В литературной сфере такая религиозная готовность к насилию подвергается секуляризации, но не становится менее радикальной. Вместо того чтобы целиком препоручить себя Господу, здесь человек нередко препоручает себя "тотальности жизни", то есть стремится достичь гармонии с жизненным потоком "по ту сторону добра и зла". По Кафке, закон выталкивает человека за пределы жизни — за пределы территории любви, как он писал своей подруге Милене. [6] В силу закона "тьма, в которой мы находимся, — говорил Барт, — становится пыткой, потому что есть глаза, способные видеть". Иными словами, к человеку приходит понимание того, что такое тьма и зло. Но понимание ведет человека к новому греху — по мнению Кафки, еще более тяжкому: к претензии на то, что ты сам не смешиваешься с тьмой и порочностью жизни, остаешься чистым и можешь гордиться своей свободой от всякой вины, включая вину за то, что живешь. Такая высокомерная убежденность, что ты не запачкан грязью жизни, и есть вина человека, отчуждающая его от других людей и обрекающая на вечное пребывание "у врат закона", как в знаменитой притче: [7] оставаться вне жизни, защищаться до последнего — как Йозеф К. в «Процессе» Кафки, виновный именно в том, что он маниакально полагался на юридическую защиту.
6
Милена Есенска (1896–1944) — чешская журналистка, которая переписывалась с Ф. Кафкой в 1920–1923 гг.; погибла в нацистском лагере Равенсбрюк. К. Магрис пересказывает здесь — в своей интерпретации — содержание последних писем Кафки к Милене. Он, возможно, имеет в виду такие высказывания: "Видишь, Милена, я думаю только о себе, постоянно, или, точнее, об узкой, общей для нас и, как подсказывают мне чувство и мысль, очень для нас важной полоске почвы, и пренебрегаю всем остальным вокруг…"; "Но не это главное; главное вот в чем — и тут все ясно: в пространстве вокруг меня невозможно жить по-человечески" (Франц Кафка. Письма к Милене / Переводы А. Карельского и Н. Федоровой. — СПб.: Азбука-классика, 2006, с. 222 и 238).
7
Эта притча рассказывается в романе Ф. Кафки «Процесс» (глава "В соборе"); при жизни Кафки она публиковалась отдельно, в одной из пражских газет, под заголовком "Притча о привратнике".

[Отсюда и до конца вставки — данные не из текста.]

lemma finite_bounded_forests:
  assumes "finite D"
  shows "finite {F. forest_on D F \<and> fweight F \<le> N}"
proof (induction N)
  case 0
  have "F = []" if "fweight F \<le> 0" for F :: "'d forest"
    using length_le_fweight[of F] that by simp
  then show ?case
    by (auto intro: finite_subset[of _ "{[]}"])
next
  case (Suc N)
  let ?T = "(\<lambda>(d, K). Node d K) ` (D \<times> {K. forest_on D K \<and> fweight K \<le> N})"
  have "{F. forest_on D F \<and> fweight F \<le> Suc N} \<subseteq> {F. set F \<subseteq> ?T \<and> length F \<le> Suc N}"
  proof safe
    fix F t
    assume F: "forest_on D F" "fweight F \<le> Suc N" and t: "t \<in> set F"
    obtain d K where t_eq: "t = Node d K"
      by (cases t)
    from t have "tweight t \<le> fweight F"
      by (induction F) auto
    with F(2) have "fweight K \<le> N"
      by (simp add: t_eq)
    moreover have "set_ptree t \<subseteq> D"
      using F(1) t by (auto simp: forest_on_def)
    then have "d \<in> D" and "forest_on D K"
      by (simp_all add: t_eq forest_on_iff_decs)
    ultimately show "t \<in> ?T"
      by (auto simp: t_eq intro!: image_eqI[of _ _ "(d, K)"])
  next
    fix F :: "'d forest"
    assume "fweight F \<le> Suc N"
    then show "length F \<le> Suc N"
      using length_le_fweight order_trans by blast
  qed
  moreover have "finite ?T"
    using Suc assms by simp
  ultimately show ?case
    by (rule finite_subset[OF _ finite_lists_length_le])
qed

section \<open>Cuts\<close>

lemma cuts_ch_eq_fcuts: "cuts_ch ts = fcuts ts"
  by (induction ts) auto

definition cut_prod :: "('a list \<times> 'a list) list \<Rightarrow> ('a list \<times> 'a list) list \<Rightarrow> ('a list \<times> 'a list) list" where
  "cut_prod xs ys = concat (map (\<lambda>(P1, R1). map (\<lambda>(P2, R2). (P1 @ P2, R1 @ R2)) ys) xs)"

lemma cut_prod_unit_left [simp]: "cut_prod [([], [])] ys = ys"
  by (simp add: cut_prod_def case_prod_beta)

lemma cut_prod_unit_right [simp]: "cut_prod xs [([], [])] = xs"
  by (induction xs) (auto simp: cut_prod_def)

lemma cut_prod_Nil [simp]: "cut_prod [] ys = []"
  by (simp add: cut_prod_def)

lemma cut_prod_Cons:
  "cut_prod (c # xs) ys = map (\<lambda>(P2, R2). (fst c @ P2, snd c @ R2)) ys @ cut_prod xs ys"
  by (simp add: cut_prod_def case_prod_beta)

lemma cut_prod_append: "cut_prod (xs @ xs') ys = cut_prod xs ys @ cut_prod xs' ys"
  by (simp add: cut_prod_def)

lemma cut_prod_map_prefix:
  "cut_prod (map (\<lambda>(P, R). (A @ P, B @ R)) xs) ys = map (\<lambda>(P, R). (A @ P, B @ R)) (cut_prod xs ys)"
  by (induction xs) (auto simp: cut_prod_def)

lemma cut_prod_assoc: "cut_prod (cut_prod xs ys) zs = cut_prod xs (cut_prod ys zs)"
  by (induction xs) (auto simp: cut_prod_Cons cut_prod_append cut_prod_map_prefix)

lemma mem_cut_prod:
  "c \<in> set (cut_prod xs ys) \<longleftrightarrow>
     (\<exists>P1 R1 P2 R2. (P1, R1) \<in> set xs \<and> (P2, R2) \<in> set ys \<and> c = (P1 @ P2, R1 @ R2))"
  by (force simp: cut_prod_def)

Стремясь во что бы то ни стало сохранить свою чистоту и невинность, нельзя не нарушить хоть какой-то, хоть малый закон: "Все противозаконно", — говорит Фишерле в «Ослеплении» Канетти. [8] Я позволю себе процитировать и свою пьесу «Выставка», один из персонажей которой — Тиммель — бормочет в бреду: "Вина уже была, вина была изначально, прежде всего. Действия сами по себе невинны, быть — вот в чем вина. <…> Пучина закона — я в нее упал и продолжаю падать, это падение без конца и без дна, жизнь и есть закон, жаль, что я не родился мертвым". В новелле "Михаэль Кольхаас" — лучшем из текстов, повествующих о духе и букве закона, о его нарушении и жажде справедливости, — Клейст показывает, что насилие неразрывно и трагически связано со священной потребностью добиваться справедливости и самому творить правосудие.
8
"Все противозаконно. Вы идете поесть, потому что вы голодны, и вы уже снова проворовались. Вы помогаете какому-нибудь бедняку, дарите ему пару ботинок, он убегает в этих ботинках, а вас обвиняют в оказании содействия". Элиас Канетти. Ослепление / Перевод С. Апта. — СПб.: Симпозиум, 2000, с. 302–303.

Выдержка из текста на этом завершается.